Stored items:

┌──

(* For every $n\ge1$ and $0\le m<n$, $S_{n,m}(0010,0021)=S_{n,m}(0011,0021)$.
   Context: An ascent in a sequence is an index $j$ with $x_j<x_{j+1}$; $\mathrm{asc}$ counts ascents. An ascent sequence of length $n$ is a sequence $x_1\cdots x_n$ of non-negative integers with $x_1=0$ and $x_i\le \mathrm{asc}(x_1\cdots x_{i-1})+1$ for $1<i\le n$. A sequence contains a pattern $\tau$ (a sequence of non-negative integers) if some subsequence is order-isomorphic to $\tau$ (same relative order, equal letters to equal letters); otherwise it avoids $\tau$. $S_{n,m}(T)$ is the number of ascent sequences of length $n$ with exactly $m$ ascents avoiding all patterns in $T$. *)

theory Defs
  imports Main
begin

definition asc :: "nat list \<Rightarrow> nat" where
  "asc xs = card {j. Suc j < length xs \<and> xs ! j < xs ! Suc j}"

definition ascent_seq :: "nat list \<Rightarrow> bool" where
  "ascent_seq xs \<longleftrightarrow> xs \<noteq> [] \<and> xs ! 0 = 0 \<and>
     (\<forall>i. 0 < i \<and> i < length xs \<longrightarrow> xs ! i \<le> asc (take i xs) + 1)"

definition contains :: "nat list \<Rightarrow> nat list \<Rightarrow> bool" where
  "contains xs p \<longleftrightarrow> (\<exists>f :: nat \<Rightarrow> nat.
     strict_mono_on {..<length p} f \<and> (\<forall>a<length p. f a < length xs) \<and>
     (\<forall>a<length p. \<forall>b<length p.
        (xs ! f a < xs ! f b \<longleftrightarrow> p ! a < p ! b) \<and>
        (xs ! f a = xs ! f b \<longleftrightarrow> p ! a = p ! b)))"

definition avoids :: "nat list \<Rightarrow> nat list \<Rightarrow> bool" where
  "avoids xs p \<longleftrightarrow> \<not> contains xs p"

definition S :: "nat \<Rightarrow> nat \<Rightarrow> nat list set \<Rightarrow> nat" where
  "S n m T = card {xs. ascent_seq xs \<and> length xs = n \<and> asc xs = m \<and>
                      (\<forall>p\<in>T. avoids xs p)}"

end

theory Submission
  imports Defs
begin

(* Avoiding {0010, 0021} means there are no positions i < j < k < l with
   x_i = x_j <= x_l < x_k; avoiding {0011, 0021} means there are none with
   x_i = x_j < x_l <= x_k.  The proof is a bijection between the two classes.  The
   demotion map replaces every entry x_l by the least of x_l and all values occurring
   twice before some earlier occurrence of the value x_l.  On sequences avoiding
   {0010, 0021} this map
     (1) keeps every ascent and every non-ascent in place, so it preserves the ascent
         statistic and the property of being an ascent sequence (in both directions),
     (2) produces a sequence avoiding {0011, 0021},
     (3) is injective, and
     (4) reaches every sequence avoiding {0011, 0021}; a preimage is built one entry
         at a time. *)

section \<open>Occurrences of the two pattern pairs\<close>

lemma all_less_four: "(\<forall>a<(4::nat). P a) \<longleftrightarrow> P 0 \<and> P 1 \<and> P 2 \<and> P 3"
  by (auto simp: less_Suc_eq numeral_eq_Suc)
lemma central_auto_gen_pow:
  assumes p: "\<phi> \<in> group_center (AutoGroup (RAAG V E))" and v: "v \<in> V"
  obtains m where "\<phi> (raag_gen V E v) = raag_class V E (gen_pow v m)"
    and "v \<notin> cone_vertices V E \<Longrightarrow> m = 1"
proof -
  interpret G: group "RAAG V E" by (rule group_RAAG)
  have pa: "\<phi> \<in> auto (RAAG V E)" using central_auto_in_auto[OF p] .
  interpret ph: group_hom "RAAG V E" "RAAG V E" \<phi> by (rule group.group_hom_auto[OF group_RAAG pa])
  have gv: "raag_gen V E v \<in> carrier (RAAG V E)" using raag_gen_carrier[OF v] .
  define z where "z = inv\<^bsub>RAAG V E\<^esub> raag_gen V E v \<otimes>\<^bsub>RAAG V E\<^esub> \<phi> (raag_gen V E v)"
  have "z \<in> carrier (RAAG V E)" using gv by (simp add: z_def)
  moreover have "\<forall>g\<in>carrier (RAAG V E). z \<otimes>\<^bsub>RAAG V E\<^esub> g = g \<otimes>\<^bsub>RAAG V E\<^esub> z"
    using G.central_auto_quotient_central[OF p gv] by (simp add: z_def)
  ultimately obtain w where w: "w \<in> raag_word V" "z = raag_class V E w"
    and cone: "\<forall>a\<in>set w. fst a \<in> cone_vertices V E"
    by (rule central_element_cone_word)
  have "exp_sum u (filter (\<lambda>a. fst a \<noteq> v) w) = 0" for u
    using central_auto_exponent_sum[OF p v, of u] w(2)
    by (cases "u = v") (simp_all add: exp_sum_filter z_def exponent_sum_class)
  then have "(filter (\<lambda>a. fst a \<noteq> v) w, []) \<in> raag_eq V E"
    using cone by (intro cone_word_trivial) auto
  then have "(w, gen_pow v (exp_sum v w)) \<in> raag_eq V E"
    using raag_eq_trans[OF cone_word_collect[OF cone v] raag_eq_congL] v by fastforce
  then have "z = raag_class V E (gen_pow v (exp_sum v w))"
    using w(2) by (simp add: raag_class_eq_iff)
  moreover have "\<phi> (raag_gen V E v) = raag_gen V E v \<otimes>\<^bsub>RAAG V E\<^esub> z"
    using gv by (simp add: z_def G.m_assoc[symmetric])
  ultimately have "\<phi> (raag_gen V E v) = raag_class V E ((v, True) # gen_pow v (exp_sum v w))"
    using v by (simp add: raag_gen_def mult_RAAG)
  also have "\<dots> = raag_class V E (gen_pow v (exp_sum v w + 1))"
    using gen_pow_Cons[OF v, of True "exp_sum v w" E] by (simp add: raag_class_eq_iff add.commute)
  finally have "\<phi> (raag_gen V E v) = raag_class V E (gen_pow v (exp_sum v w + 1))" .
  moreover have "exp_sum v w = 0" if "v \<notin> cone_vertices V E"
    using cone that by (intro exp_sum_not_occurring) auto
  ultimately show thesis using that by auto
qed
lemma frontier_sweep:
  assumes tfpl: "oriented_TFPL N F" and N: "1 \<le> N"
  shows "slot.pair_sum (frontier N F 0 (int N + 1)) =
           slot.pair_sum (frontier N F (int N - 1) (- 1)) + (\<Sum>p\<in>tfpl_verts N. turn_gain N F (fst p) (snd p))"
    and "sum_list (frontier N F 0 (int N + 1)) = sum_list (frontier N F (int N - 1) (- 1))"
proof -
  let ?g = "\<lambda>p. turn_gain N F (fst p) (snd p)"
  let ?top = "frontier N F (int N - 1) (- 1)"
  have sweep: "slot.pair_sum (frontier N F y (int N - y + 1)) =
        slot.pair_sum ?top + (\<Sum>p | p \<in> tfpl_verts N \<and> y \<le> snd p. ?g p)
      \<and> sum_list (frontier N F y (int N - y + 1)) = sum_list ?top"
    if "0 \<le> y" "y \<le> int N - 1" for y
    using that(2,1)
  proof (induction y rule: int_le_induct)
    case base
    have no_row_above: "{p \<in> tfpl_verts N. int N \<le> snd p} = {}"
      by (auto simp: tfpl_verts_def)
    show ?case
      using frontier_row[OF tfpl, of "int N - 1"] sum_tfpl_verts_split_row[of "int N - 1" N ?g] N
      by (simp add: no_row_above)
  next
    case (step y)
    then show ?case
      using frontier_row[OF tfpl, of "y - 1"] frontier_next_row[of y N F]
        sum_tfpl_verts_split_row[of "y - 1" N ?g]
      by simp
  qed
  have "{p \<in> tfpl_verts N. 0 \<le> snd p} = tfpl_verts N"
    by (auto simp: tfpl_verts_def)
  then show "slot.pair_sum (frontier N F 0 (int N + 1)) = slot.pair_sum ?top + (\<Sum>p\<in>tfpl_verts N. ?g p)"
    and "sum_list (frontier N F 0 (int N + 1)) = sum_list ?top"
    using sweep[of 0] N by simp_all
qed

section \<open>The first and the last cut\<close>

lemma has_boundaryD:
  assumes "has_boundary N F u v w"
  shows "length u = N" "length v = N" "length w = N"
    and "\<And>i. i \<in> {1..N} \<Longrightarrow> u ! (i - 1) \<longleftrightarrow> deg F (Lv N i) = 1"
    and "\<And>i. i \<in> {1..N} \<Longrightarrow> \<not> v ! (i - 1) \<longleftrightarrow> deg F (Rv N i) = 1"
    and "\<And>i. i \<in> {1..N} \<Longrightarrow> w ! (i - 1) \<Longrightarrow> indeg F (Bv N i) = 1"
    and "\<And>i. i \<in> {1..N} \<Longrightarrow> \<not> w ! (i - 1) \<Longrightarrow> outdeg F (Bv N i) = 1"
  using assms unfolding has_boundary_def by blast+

└──
┌──

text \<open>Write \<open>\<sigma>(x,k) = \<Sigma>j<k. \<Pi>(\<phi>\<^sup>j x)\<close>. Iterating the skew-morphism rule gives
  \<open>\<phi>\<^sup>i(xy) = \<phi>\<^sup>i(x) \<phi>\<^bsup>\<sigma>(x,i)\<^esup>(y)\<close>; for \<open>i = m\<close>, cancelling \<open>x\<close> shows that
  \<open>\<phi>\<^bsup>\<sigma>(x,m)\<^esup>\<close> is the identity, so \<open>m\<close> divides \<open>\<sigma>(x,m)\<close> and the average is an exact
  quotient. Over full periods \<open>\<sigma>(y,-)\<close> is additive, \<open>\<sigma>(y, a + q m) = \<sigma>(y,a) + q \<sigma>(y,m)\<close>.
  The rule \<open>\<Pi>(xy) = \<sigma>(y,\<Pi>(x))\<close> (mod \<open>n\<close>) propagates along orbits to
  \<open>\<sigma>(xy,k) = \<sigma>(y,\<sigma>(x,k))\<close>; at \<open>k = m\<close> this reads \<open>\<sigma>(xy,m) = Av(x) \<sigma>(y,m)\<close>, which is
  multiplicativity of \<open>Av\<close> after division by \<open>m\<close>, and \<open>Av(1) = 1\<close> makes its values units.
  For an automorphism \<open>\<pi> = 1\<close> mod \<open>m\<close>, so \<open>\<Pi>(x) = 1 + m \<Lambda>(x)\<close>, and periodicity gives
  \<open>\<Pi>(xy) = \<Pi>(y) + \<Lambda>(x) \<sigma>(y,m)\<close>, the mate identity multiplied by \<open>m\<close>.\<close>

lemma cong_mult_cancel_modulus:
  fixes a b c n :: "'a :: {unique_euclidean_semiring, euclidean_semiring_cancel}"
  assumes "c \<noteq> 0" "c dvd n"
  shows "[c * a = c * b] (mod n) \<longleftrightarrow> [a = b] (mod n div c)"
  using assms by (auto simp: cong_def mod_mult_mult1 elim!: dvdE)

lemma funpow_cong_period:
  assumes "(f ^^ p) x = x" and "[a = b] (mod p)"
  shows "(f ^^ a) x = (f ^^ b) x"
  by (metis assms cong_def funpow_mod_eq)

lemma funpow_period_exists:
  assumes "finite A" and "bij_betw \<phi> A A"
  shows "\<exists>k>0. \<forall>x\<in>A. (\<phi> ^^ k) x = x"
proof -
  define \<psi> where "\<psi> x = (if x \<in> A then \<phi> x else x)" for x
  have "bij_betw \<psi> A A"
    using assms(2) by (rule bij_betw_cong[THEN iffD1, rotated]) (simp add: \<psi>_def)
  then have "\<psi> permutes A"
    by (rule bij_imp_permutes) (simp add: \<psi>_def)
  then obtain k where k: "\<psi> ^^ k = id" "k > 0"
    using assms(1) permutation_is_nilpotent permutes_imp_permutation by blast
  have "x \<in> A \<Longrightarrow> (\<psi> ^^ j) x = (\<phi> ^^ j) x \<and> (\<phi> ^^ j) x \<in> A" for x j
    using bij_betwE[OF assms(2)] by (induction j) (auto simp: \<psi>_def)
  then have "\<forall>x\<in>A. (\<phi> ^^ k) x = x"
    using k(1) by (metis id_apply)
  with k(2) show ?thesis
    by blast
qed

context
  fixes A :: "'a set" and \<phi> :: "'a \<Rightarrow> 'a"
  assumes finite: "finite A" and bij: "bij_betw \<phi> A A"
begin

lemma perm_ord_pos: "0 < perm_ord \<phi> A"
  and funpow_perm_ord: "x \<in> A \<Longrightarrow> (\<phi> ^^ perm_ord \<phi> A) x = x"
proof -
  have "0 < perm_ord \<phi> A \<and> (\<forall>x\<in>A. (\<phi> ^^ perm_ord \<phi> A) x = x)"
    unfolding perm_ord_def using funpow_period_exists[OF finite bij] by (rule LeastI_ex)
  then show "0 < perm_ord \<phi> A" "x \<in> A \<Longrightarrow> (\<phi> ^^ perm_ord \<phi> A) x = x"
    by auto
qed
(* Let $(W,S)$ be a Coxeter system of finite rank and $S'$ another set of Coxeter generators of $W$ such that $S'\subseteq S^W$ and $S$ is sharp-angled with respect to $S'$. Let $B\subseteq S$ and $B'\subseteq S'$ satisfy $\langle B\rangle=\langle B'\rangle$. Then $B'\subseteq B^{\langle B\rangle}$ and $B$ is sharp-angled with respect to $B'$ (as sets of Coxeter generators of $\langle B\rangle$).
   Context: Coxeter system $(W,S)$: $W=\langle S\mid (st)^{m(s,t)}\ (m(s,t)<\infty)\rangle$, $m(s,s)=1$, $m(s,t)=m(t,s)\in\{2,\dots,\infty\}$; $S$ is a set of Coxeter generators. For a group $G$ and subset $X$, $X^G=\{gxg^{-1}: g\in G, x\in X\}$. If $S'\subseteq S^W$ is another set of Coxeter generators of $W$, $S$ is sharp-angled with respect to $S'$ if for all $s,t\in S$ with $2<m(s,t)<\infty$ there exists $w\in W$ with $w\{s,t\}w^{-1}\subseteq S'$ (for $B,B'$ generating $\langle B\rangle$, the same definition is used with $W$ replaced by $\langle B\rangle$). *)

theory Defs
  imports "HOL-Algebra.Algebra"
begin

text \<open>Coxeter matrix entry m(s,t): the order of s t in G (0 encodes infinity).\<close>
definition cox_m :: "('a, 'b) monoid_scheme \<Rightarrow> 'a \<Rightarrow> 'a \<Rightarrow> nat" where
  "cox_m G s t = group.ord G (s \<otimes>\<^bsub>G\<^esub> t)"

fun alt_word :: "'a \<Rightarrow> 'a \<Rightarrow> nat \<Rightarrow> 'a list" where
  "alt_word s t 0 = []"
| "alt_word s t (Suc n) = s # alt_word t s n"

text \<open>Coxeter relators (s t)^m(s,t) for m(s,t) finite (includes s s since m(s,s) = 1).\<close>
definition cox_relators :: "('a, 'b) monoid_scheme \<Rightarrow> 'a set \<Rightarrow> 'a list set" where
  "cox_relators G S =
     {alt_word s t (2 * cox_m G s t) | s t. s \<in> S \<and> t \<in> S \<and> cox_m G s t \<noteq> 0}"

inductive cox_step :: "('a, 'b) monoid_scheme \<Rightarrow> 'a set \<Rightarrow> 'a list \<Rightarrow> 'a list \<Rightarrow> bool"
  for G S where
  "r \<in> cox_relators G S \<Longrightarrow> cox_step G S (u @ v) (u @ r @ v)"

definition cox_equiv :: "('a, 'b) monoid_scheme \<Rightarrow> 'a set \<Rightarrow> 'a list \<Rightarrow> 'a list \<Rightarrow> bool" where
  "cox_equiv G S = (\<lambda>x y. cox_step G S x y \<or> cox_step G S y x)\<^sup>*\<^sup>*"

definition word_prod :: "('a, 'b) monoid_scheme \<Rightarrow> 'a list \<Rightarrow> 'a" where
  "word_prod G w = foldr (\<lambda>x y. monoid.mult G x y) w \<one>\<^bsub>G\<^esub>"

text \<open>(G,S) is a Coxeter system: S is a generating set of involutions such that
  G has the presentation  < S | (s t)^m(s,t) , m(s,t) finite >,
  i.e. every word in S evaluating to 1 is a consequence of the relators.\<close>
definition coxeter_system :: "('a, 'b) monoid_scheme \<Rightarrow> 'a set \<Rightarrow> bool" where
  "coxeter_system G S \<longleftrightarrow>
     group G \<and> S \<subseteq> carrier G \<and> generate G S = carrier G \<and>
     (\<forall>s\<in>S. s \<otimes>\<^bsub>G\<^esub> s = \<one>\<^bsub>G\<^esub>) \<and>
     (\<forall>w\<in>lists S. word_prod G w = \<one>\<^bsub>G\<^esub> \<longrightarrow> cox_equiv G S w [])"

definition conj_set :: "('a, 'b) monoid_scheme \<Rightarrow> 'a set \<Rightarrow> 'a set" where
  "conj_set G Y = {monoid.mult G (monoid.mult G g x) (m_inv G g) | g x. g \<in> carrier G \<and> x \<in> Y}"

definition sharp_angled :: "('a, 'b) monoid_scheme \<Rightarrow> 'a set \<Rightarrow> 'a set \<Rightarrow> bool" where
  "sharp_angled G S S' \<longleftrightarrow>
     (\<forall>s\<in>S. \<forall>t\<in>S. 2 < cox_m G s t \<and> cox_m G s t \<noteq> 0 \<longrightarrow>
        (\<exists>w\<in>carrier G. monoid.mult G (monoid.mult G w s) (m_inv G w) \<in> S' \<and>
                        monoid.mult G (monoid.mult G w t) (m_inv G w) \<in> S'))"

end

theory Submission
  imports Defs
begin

└──

What is being asked: In the records above, locate each line with the word "imports". Copy all such lines.

Answer to this exercise:
  imports Main
  imports Defs
  imports "HOL-Algebra.Algebra"
  imports Defs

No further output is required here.